(Record extracts begins)

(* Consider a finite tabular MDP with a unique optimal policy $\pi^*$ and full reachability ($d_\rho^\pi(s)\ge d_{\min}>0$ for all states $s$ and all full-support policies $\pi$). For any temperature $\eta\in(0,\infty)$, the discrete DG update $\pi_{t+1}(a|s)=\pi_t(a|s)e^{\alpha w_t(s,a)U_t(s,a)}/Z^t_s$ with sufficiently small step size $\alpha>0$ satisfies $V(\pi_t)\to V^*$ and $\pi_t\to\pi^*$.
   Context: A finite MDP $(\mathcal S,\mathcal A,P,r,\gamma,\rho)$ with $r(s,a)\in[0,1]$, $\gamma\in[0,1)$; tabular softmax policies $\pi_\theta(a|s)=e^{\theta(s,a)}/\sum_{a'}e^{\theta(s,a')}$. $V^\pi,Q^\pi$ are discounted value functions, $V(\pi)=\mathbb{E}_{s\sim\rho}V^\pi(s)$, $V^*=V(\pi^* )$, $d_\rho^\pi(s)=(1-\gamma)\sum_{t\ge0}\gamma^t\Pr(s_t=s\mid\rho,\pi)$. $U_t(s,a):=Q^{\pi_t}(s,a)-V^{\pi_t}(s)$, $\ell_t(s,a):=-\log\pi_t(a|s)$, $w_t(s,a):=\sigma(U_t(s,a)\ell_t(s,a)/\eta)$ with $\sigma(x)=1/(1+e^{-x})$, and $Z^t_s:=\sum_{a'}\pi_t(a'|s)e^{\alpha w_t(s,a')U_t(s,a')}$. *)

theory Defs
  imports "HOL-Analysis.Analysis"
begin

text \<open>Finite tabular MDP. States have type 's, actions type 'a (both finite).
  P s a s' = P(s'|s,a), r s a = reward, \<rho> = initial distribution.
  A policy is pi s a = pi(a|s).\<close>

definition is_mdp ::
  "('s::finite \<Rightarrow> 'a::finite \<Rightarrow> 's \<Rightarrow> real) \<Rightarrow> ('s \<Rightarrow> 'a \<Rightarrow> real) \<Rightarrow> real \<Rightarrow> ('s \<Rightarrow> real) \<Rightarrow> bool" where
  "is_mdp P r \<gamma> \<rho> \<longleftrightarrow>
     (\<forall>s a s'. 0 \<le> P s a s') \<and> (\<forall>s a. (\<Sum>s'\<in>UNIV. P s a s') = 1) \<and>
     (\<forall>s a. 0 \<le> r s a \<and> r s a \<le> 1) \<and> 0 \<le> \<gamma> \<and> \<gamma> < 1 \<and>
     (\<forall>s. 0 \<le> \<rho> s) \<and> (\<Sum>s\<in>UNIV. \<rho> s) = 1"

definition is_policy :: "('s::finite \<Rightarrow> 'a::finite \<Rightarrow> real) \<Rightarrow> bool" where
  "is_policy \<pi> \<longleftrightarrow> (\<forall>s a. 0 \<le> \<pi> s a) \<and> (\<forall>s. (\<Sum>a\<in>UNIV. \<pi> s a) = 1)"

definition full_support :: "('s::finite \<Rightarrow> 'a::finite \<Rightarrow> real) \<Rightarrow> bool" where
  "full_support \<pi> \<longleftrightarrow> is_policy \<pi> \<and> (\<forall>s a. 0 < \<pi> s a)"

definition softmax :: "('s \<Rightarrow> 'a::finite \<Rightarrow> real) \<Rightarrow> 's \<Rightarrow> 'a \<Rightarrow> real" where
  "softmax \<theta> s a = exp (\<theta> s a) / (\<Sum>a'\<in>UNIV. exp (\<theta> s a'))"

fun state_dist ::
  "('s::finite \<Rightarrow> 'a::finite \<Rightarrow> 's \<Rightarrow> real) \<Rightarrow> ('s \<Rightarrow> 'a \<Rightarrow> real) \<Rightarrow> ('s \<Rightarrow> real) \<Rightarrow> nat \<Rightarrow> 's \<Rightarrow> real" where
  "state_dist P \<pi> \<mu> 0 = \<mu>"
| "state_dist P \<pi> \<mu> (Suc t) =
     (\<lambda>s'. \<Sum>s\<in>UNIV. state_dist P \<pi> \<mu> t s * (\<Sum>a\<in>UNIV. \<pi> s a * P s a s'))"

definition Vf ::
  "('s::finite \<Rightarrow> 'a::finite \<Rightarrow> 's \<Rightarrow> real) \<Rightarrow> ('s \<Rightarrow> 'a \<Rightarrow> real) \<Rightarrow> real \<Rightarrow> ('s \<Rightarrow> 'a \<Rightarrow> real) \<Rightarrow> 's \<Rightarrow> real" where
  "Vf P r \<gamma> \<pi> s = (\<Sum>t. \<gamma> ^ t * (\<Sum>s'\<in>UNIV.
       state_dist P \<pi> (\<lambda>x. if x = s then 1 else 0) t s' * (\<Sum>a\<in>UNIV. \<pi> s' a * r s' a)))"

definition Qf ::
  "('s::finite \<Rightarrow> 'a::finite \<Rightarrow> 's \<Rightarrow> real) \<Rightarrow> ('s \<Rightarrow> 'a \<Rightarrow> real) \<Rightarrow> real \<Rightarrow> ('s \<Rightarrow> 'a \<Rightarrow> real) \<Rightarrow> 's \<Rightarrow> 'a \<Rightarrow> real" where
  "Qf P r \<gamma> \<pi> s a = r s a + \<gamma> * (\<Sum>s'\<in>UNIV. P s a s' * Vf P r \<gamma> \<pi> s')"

(Record extracts ends)

▶ [Exercise] Reply with a number only, showing how many lines of the material contain the word "gamma".

▶ [Task response] 5